___ Dataset

(* Let $\mathcal T\subseteq\mathbb N$ be a symmetric numerical semigroup with minimal system of generators $a_1<\dots<a_n$. If $2\notin\mathcal T$, then $a_n<F(\mathcal T)$.
   Context: A numerical semigroup is a submonoid $\mathcal T\subseteq\mathbb N$ with finite complement; its Frobenius number is $F(\mathcal T)=\max(\mathbb N\setminus\mathcal T)$; $\mathcal T$ is symmetric if for every $b\in\mathbb N$, $b\in\mathcal T$ or $F(\mathcal T)-b\in\mathcal T$. The minimal system of generators is the unique minimal generating set of $\mathcal T$ as a monoid. *)

theory Defs
  imports Main
begin

definition numerical_semigroup :: "nat set \<Rightarrow> bool" where
  "numerical_semigroup T \<longleftrightarrow> 0 \<in> T \<and> (\<forall>x\<in>T. \<forall>y\<in>T. x + y \<in> T) \<and> finite (UNIV - T)"

definition frobenius :: "nat set \<Rightarrow> nat" where
  "frobenius T = Max (UNIV - T)"

definition symmetric_ns :: "nat set \<Rightarrow> bool" where
  "symmetric_ns T \<longleftrightarrow> numerical_semigroup T \<and> (\<forall>b. b \<in> T \<or> (b \<le> frobenius T \<and> frobenius T - b \<in> T))"

inductive_set generated :: "nat set \<Rightarrow> nat set" for A where
  zero: "0 \<in> generated A"
| add: "a \<in> A \<Longrightarrow> x \<in> generated A \<Longrightarrow> a + x \<in> generated A"

definition minimal_generators :: "nat set \<Rightarrow> nat set \<Rightarrow> bool" where
  "minimal_generators T A \<longleftrightarrow> generated A = T \<and> (\<forall>B. B \<subset> A \<longrightarrow> generated B \<noteq> T)"

end

theory Submission
  imports Defs
begin

text \<open>Suppose a minimal generator \<open>a\<close> exceeded \<open>F = frobenius T\<close> and put \<open>d = a - F\<close>.
  For \<open>0 < s < a\<close> in \<open>T\<close>, minimality forbids \<open>a - s \<in> T\<close>, so symmetry puts
  \<open>F - (a - s) = s - d\<close> into \<open>T\<close>. Descending in steps of \<open>d\<close> shows that \<open>d\<close> divides every
  element of \<open>T\<close> below \<open>a\<close> and lies in \<open>T\<close>. Since \<open>1, 2 \<notin> T\<close>, symmetry gives
  \<open>F - 1, F - 2 \<in> T\<close>, so \<open>d\<close> divides 1 and \<open>1 = d \<in> T\<close>, a contradiction.\<close>

lemma generated_add:
  "x \<in> generated A \<Longrightarrow> y \<in> generated A \<Longrightarrow> x + y \<in> generated A"
  by (induction x rule: generated.induct) (auto simp: add.assoc intro: generated.add)

lemma generator_in_generated: "a \<in> A \<Longrightarrow> a \<in> generated A"
  using generated.add[OF _ generated.zero] by simp

lemma generated_least:
  assumes "A \<subseteq> generated B"
  shows "generated A \<subseteq> generated B"
proof
  show "x \<in> generated B" if "x \<in> generated A" for x
    using that by (induction x rule: generated.induct)
      (use assms in \<open>auto intro: generated.zero generated_add\<close>)
qed

lemma generated_mono: "A \<subseteq> B \<Longrightarrow> generated A \<subseteq> generated B"
  by (meson generated_least generator_in_generated subset_iff)

lemma generated_less_remove:
  "t \<in> generated A \<Longrightarrow> t < a \<Longrightarrow> t \<in> generated (A - {a})"
  by (induction t rule: generated.induct) (auto intro: generated.intros)

definition sum_indecomposable :: "nat set \<Rightarrow> nat \<Rightarrow> bool" where
  "sum_indecomposable T a \<longleftrightarrow> a \<in> T \<and> (\<forall>x\<in>T. \<forall>y\<in>T. x + y = a \<longrightarrow> x = 0 \<or> y = 0)"

lemma sum_indecomposableD:
  "sum_indecomposable T a \<Longrightarrow> x \<in> T \<Longrightarrow> y \<in> T \<Longrightarrow> x + y = a \<Longrightarrow> x = 0 \<or> y = 0"
  unfolding sum_indecomposable_def by simp

lemma minimal_generator_indecomposable:
  assumes mg: "minimal_generators T A" and "a \<in> A"
  shows "sum_indecomposable T a"
proof -
  have gA: "generated A = T" using mg by (simp add: minimal_generators_def)
  have "x = 0 \<or> y = 0" if "x \<in> T" "y \<in> T" "x + y = a" for x y
  proof (rule ccontr)
    assume "\<not> (x = 0 \<or> y = 0)"
    with that gA have "x \<in> generated (A - {a})" "y \<in> generated (A - {a})"
      by (auto intro: generated_less_remove)
    then have "a \<in> generated (A - {a})" using generated_add that(3) by blast
    then have "A \<subseteq> generated (A - {a})" by (auto intro: generator_in_generated)
    then have "generated (A - {a}) = T"
      using generated_least generated_mono[of "A - {a}" A] gA by blast
    moreover have "A - {a} \<subset> A" using \<open>a \<in> A\<close> by blast
    ultimately show False using mg by (simp add: minimal_generators_def)
  qed
  moreover have "a \<in> T" using gA \<open>a \<in> A\<close> generator_in_generated by blast
  ultimately show ?thesis by (simp add: sum_indecomposable_def)
qed

lemma not_in_le_frobenius:
  "numerical_semigroup T \<Longrightarrow> x \<notin> T \<Longrightarrow> x \<le> frobenius T"
  unfolding numerical_semigroup_def frobenius_def by (simp add: Max_ge)

lemma frobenius_not_in:
  assumes "numerical_semigroup T" and "x \<notin> T"
  shows "frobenius T \<notin> T"
  using assms Max_in[of "UNIV - T"] unfolding numerical_semigroup_def frobenius_def by blast

lemma symmetric_complement:
  "symmetric_ns T \<Longrightarrow> b \<notin> T \<Longrightarrow> frobenius T - b \<in> T"
  unfolding symmetric_ns_def by blast

context
  fixes T :: "nat set" and a :: nat
  assumes sym: "symmetric_ns T"
    and indec: "sum_indecomposable T a"
    and above: "frobenius T < a"
begin

lemma indecomposable_above_frobenius_shift:
  assumes "s \<in> T" "0 < s" "s < a"
  shows "a - frobenius T \<le> s \<and> s - (a - frobenius T) \<in> T"
proof -
  have "a - s \<notin> T"
  proof
    assume "a - s \<in> T"
    moreover have "s + (a - s) = a" using assms(3) by simp
    ultimately have "s = 0 \<or> a - s = 0"
      by (rule sum_indecomposableD[OF indec assms(1)])
    with assms show False by simp
  qed
  then have "a - s \<le> frobenius T" "frobenius T - (a - s) \<in> T"
    using sym unfolding symmetric_ns_def by blast+
  moreover have "frobenius T - (a - s) = s - (a - frobenius T)" using above assms by simp
  ultimately show ?thesis using assms by simp
qed

lemma indecomposable_above_frobenius_dvd:
  "s \<in> T \<Longrightarrow> s < a \<Longrightarrow> (a - frobenius T) dvd s"
proof (induction s rule: less_induct)
  case (less s)
  show ?case
  proof (cases "s = 0")
    case False
    with less.prems have le: "a - frobenius T \<le> s" and mem: "s - (a - frobenius T) \<in> T"
      using indecomposable_above_frobenius_shift by auto
    have "(a - frobenius T) dvd s - (a - frobenius T)"
      using less.IH[OF _ mem] False above less.prems(2) by simp
    then show ?thesis using le by (rule dvd_diffD[OF _ dvd_refl])
  qed simp
qed

lemma indecomposable_above_frobenius_diff_in:
  "s \<in> T \<Longrightarrow> 0 < s \<Longrightarrow> s < a \<Longrightarrow> a - frobenius T \<in> T"
proof (induction s rule: less_induct)
  case (less s)
  then have le: "a - frobenius T \<le> s" and mem: "s - (a - frobenius T) \<in> T"
    using indecomposable_above_frobenius_shift by auto
  show ?case
  proof (cases "s = a - frobenius T")
    case False
    with le above less.prems(3) show ?thesis
      by (intro less.IH[OF _ mem]) simp_all
  qed (use less in simp)
qed

end

lemma sum_indecomposable_less_frobenius:
  assumes sym: "symmetric_ns T" and two: "2 \<notin> T" and indec: "sum_indecomposable T a"
  shows "a < frobenius T"
proof (rule ccontr)
  let ?F = "frobenius T"
  assume "\<not> a < ?F"
  have ns: "numerical_semigroup T" using sym by (simp add: symmetric_ns_def)
  have "a \<in> T" using indec by (simp add: sum_indecomposable_def)
  moreover have "?F \<notin> T" using frobenius_not_in[OF ns two] .
  ultimately have above: "?F < a" using \<open>\<not> a < ?F\<close> by (cases "a = ?F") auto
  have one: "1 \<notin> T" using two ns unfolding numerical_semigroup_def by (metis one_add_one)
  have F1: "?F - 1 \<in> T" and F2: "?F - 2 \<in> T"
    using symmetric_complement[OF sym] one two by auto
  have "2 \<le> ?F" using not_in_le_frobenius[OF ns two] .
  with F1 one have F3: "3 \<le> ?F" by (cases "?F = 2") auto
  have "(a - ?F) dvd (?F - 1)" "(a - ?F) dvd (?F - 2)"
    using indecomposable_above_frobenius_dvd[OF sym indec above] F1 F2 above by simp_all
  then have "(a - ?F) dvd (?F - 1) - (?F - 2)" by (rule dvd_diff_nat)
  moreover have "(?F - 1) - (?F - 2) = 1" using F3 by simp
  ultimately have "a - ?F = 1" by simp
  moreover have "a - ?F \<in> T"
    using indecomposable_above_frobenius_diff_in[OF sym indec above F2] above F3 by simp
  ultimately show False using one by simp
qed

lemma generated_empty: "generated {} = {0}"
  by (auto elim: generated.cases intro: generated.zero)

theorem mainTheorem13:
  fixes T A :: "nat set"
  assumes "symmetric_ns T"
    and "minimal_generators T A"
    and "2 \<notin> T"
  shows "finite A \<and> Max A < frobenius T"
proof -
  have bound: "a < frobenius T" if "a \<in> A" for a
    using sum_indecomposable_less_frobenius minimal_generator_indecomposable assms that by blast
  then have fin: "finite A" by (meson finite_lessThan finite_subset lessThan_iff subsetI)
  have "A \<noteq> {}"
  proof
    assume "A = {}"
    then have "UNIV - {0} \<subseteq> UNIV - T"
      using assms(2) generated_empty by (auto simp: minimal_generators_def)
    moreover have "finite (UNIV - T)"
      using assms(1) by (simp add: symmetric_ns_def numerical_semigroup_def)
    ultimately have "finite (UNIV - {0 :: nat})" by (rule finite_subset)
    then show False by simp
  qed
  with fin bound show ?thesis by simp
qed

end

______

**Instructions for the task:**
Pull each line containing the word "noteq" out of the data above.

**Response to the exercise:**
  "minimal_generators T A \<longleftrightarrow> generated A = T \<and> (\<forall>B. B \<subset> A \<longrightarrow> generated B \<noteq> T)"
  have "A \<noteq> {}"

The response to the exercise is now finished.